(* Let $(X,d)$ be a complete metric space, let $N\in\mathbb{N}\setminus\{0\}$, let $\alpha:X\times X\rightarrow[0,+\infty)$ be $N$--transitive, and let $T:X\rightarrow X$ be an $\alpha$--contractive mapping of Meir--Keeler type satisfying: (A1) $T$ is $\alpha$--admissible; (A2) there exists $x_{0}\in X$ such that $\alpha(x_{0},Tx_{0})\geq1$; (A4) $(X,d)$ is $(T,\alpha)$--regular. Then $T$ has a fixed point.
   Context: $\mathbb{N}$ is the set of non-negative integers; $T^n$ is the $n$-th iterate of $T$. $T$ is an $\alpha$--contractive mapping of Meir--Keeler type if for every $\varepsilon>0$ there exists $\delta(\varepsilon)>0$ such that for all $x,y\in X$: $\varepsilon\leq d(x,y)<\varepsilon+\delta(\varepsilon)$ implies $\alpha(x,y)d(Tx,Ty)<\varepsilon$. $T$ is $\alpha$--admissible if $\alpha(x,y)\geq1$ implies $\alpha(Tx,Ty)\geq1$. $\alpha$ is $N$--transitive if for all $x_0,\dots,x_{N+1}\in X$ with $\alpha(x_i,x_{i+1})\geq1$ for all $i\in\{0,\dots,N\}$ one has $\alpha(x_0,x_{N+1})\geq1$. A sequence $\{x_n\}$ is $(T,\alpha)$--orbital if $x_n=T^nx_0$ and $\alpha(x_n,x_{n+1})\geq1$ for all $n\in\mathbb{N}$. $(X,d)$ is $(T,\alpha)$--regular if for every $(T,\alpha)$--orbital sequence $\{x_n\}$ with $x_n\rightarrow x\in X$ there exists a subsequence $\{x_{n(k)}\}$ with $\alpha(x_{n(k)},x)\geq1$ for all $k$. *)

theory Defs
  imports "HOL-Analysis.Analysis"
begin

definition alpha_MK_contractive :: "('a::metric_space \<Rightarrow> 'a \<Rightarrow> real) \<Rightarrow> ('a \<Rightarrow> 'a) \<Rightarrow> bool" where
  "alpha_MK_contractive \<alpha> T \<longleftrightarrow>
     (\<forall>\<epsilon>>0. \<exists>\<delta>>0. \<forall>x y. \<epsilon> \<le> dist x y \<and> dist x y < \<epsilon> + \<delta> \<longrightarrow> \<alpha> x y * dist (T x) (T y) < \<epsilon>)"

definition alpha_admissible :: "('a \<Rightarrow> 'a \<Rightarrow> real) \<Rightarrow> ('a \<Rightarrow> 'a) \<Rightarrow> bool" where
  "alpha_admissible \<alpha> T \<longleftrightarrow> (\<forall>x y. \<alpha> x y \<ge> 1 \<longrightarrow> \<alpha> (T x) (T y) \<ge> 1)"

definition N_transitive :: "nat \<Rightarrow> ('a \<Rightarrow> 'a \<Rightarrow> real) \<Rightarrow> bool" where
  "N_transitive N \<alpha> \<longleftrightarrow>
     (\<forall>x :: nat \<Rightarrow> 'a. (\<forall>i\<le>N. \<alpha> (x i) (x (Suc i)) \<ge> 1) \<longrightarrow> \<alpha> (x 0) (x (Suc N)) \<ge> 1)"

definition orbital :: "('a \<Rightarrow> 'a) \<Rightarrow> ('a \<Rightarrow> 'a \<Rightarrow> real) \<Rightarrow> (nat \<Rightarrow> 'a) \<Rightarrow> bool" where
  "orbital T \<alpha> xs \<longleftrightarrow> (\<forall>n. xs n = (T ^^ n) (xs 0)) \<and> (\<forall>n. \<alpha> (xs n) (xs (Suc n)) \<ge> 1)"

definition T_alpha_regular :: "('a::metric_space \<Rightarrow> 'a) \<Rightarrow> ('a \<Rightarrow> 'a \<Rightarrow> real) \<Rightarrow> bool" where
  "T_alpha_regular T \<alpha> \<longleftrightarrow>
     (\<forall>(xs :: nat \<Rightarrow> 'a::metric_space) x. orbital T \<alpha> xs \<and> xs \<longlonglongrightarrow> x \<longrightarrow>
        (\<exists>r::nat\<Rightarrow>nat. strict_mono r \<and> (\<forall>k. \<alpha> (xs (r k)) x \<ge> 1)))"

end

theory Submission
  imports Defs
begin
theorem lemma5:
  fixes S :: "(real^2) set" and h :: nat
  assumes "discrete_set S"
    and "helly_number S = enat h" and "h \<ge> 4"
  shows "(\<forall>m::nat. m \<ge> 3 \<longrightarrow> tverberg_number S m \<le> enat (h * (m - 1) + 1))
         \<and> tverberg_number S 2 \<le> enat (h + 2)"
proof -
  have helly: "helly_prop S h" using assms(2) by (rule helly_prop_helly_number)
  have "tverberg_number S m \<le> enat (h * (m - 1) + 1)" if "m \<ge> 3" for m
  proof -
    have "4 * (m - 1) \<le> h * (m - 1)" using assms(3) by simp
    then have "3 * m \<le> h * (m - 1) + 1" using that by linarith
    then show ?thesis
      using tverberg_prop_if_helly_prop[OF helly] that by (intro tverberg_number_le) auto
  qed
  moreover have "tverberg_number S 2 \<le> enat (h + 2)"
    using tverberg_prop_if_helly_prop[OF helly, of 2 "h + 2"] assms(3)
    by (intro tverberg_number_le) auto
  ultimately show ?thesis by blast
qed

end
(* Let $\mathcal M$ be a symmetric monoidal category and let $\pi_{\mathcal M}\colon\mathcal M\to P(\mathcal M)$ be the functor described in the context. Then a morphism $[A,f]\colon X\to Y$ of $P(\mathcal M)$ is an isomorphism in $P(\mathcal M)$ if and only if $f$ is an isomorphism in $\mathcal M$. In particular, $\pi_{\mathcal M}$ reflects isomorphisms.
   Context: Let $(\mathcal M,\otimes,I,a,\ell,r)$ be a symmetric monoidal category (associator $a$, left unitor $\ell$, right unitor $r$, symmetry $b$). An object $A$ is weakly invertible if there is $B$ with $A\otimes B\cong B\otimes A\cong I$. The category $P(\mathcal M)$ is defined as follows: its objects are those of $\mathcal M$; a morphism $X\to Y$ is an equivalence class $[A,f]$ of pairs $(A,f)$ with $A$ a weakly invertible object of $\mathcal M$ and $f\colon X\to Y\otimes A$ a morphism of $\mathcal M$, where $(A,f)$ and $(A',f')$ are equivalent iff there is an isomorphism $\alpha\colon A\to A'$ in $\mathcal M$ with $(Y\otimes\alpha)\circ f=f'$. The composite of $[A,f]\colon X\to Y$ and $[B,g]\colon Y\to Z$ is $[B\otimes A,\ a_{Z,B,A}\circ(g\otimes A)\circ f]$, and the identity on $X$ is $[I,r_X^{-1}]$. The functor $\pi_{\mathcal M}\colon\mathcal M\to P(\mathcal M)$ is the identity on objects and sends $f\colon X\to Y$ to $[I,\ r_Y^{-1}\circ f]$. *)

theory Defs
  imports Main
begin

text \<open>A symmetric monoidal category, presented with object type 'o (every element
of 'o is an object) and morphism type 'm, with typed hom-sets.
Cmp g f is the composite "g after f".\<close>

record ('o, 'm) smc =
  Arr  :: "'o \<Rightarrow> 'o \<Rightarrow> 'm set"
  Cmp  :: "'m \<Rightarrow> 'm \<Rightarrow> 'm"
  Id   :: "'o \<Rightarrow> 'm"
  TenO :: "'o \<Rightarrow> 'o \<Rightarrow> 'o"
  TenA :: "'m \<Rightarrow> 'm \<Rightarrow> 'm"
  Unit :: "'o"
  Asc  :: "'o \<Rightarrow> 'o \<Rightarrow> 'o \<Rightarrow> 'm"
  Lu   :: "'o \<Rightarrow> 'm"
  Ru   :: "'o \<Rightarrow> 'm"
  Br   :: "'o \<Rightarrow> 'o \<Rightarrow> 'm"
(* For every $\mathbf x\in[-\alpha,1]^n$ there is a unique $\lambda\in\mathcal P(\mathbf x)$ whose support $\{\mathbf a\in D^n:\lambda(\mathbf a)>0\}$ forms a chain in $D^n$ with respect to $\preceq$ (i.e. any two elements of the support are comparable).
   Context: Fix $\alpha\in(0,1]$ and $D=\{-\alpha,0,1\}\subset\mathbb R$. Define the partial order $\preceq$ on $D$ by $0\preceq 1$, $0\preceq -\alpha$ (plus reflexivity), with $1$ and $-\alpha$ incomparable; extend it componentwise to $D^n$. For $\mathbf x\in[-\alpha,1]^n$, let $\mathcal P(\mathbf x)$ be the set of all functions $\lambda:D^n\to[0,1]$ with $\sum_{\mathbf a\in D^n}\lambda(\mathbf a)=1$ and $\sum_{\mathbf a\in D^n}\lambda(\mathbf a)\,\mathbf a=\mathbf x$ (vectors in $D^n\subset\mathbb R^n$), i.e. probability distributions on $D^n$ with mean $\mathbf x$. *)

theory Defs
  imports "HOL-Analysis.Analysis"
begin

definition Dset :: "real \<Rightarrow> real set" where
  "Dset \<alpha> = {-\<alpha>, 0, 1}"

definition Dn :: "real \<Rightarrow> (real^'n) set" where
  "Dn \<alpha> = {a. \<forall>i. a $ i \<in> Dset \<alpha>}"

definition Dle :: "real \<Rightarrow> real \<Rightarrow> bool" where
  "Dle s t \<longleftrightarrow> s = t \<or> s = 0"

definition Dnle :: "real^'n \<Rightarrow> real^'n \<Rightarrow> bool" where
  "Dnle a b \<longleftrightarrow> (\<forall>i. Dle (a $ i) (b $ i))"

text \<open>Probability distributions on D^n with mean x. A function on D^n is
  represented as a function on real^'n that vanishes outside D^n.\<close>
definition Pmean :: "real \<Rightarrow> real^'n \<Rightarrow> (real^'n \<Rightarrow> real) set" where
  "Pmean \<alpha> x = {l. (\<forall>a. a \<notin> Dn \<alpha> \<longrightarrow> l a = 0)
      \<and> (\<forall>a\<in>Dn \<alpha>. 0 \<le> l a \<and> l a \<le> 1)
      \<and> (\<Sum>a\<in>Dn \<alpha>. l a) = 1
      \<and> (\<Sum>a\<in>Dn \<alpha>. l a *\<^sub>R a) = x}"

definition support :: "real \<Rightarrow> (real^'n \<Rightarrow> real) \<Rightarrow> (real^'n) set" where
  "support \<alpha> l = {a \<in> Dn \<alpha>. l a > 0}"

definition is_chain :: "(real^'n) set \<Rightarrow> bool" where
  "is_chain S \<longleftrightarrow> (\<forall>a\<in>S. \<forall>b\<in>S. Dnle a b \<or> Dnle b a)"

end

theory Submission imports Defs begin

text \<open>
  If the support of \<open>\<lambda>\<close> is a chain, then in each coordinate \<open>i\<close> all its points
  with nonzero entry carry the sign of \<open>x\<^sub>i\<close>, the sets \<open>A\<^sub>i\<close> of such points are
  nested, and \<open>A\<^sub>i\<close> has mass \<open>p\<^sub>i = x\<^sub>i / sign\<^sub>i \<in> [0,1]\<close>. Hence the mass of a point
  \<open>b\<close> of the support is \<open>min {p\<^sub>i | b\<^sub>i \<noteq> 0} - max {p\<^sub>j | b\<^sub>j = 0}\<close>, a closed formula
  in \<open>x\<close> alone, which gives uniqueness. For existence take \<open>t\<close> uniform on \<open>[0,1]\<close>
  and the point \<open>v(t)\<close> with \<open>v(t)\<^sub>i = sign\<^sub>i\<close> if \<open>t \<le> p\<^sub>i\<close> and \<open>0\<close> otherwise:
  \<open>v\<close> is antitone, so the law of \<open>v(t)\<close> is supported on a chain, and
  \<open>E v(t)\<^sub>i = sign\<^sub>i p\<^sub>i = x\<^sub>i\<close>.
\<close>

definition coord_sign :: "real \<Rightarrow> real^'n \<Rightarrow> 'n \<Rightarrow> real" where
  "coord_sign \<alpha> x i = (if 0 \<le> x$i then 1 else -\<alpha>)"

....................

▸ **EXERCISE**: From the records above, give again exactly the lines running from the line with "T \<alpha> \<longleftrightarrow>" to the line with "(* Let $\mathcal", inclusive.

▸ **EXERCISE RESULT**:
  "T_alpha_regular T \<alpha> \<longleftrightarrow>
     (\<forall>(xs :: nat \<Rightarrow> 'a::metric_space) x. orbital T \<alpha> xs \<and> xs \<longlonglongrightarrow> x \<longrightarrow>
        (\<exists>r::nat\<Rightarrow>nat. strict_mono r \<and> (\<forall>k. \<alpha> (xs (r k)) x \<ge> 1)))"

end

theory Submission
  imports Defs
begin
theorem lemma5:
  fixes S :: "(real^2) set" and h :: nat
  assumes "discrete_set S"
    and "helly_number S = enat h" and "h \<ge> 4"
  shows "(\<forall>m::nat. m \<ge> 3 \<longrightarrow> tverberg_number S m \<le> enat (h * (m - 1) + 1))
         \<and> tverberg_number S 2 \<le> enat (h + 2)"
proof -
  have helly: "helly_prop S h" using assms(2) by (rule helly_prop_helly_number)
  have "tverberg_number S m \<le> enat (h * (m - 1) + 1)" if "m \<ge> 3" for m
  proof -
    have "4 * (m - 1) \<le> h * (m - 1)" using assms(3) by simp
    then have "3 * m \<le> h * (m - 1) + 1" using that by linarith
    then show ?thesis
      using tverberg_prop_if_helly_prop[OF helly] that by (intro tverberg_number_le) auto
  qed
  moreover have "tverberg_number S 2 \<le> enat (h + 2)"
    using tverberg_prop_if_helly_prop[OF helly, of 2 "h + 2"] assms(3)
    by (intro tverberg_number_le) auto
  ultimately show ?thesis by blast
qed

end
(* Let $\mathcal M$ be a symmetric monoidal category and let $\pi_{\mathcal M}\colon\mathcal M\to P(\mathcal M)$ be the functor described in the context. Then a morphism $[A,f]\colon X\to Y$ of $P(\mathcal M)$ is an isomorphism in $P(\mathcal M)$ if and only if $f$ is an isomorphism in $\mathcal M$. In particular, $\pi_{\mathcal M}$ reflects isomorphisms.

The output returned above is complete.